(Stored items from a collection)

--- START ---

lemma pos_orthant_Qbox_iff:
  "x \<in> pos_orthant \<and> u \<in> Qbox x \<longleftrightarrow> u \<in> pos_orthant \<and> x \<in> cbox u (2 *\<^sub>R u)"
  using Qbox_subset_pos_orthant cbox_double_subset_pos_orthant mem_Qbox_iff_mem_cbox by blast

lemma measure_Qbox:
  fixes x :: "real^'n"
  assumes "x \<in> pos_orthant"
  shows "measure lebesgue (Qbox x) = piprod x / 2 ^ CARD('n)"
proof -
  have "x \<in> Qbox x"
    using assms by (auto simp: mem_Qbox pos_orthant_def less_imp_le)
  then have "Qbox x \<noteq> {}"
    by blast
  then have "measure lebesgue (Qbox x) = (\<Prod>i\<in>UNIV. x $ i - ((1/2) *\<^sub>R x) $ i)"
    unfolding Qbox_def by (simp add: content_cbox_cart)
  also have "\<dots> = piprod x / 2 ^ CARD('n)"
    by (simp add: piprod_def prod_dividef)
  finally show ?thesis .
qed

lemma emeasure_cbox_double:
  fixes u :: "real^'n"
  assumes "u \<in> pos_orthant"
  shows "emeasure lborel (cbox u (2 *\<^sub>R u)) = ennreal (piprod u)"
proof -
  have "u \<in> cbox u (2 *\<^sub>R u)"
    using assms by (auto simp: mem_box_cart pos_orthant_def less_imp_le)
  then have "cbox u (2 *\<^sub>R u) \<noteq> {}"
    by blast
  then have "measure lborel (cbox u (2 *\<^sub>R u)) = piprod u"
    by (simp add: content_cbox_cart piprod_def)
  then show ?thesis
    by (simp add: emeasure_eq_measure2 emeasure_lborel_cbox_finite)
qed

lemma piprod_powr_le_cbox_double:
  fixes u x :: "real^'n"
  assumes u: "u \<in> pos_orthant" and x: "x \<in> cbox u (2 *\<^sub>R u)"
  shows "piprod x powr \<beta> \<le> 2 powr (real CARD('n) * max 0 \<beta>) * piprod u powr \<beta>"
proof -
  have coord: "0 < u $ i \<and> u $ i \<le> x $ i \<and> x $ i \<le> 2 * u $ i" for i
    using u x by (auto simp: pos_orthant_def mem_box_cart)
  have pos: "0 < piprod u"
    using u by (rule piprod_pos)
  have lower: "piprod u \<le> piprod x"
    unfolding piprod_def by (rule prod_mono) (use coord in \<open>auto intro: less_imp_le\<close>)
  have "piprod x \<le> (\<Prod>i\<in>UNIV. 2 * u $ i)"
    unfolding piprod_def by (rule prod_mono) (use coord in \<open>auto intro: less_imp_le order_trans\<close>)
  also have "\<dots> = 2 powr real CARD('n) * piprod u"
    by (simp add: piprod_def prod.distrib powr_realpow)
  finally have upper: "piprod x \<le> 2 powr real CARD('n) * piprod u" .
  show ?thesis
  proof (cases "0 \<le> \<beta>")
    case True
    have "piprod x powr \<beta> \<le> (2 powr real CARD('n) * piprod u) powr \<beta>"
      by (rule powr_mono2) (use True pos lower upper in auto)
    also have "\<dots> = 2 powr (real CARD('n) * \<beta>) * piprod u powr \<beta>"
      by (simp add: powr_mult powr_powr)
    finally show ?thesis
      using True by simp
  next
    case False
    have "piprod x powr \<beta> \<le> piprod u powr \<beta>"
      by (rule powr_mono2') (use False pos lower in auto)
    then show ?thesis
      using False by simp
  qed
qed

--- END ---

All that is required is the number of lines in the data above that contain the word "False".

3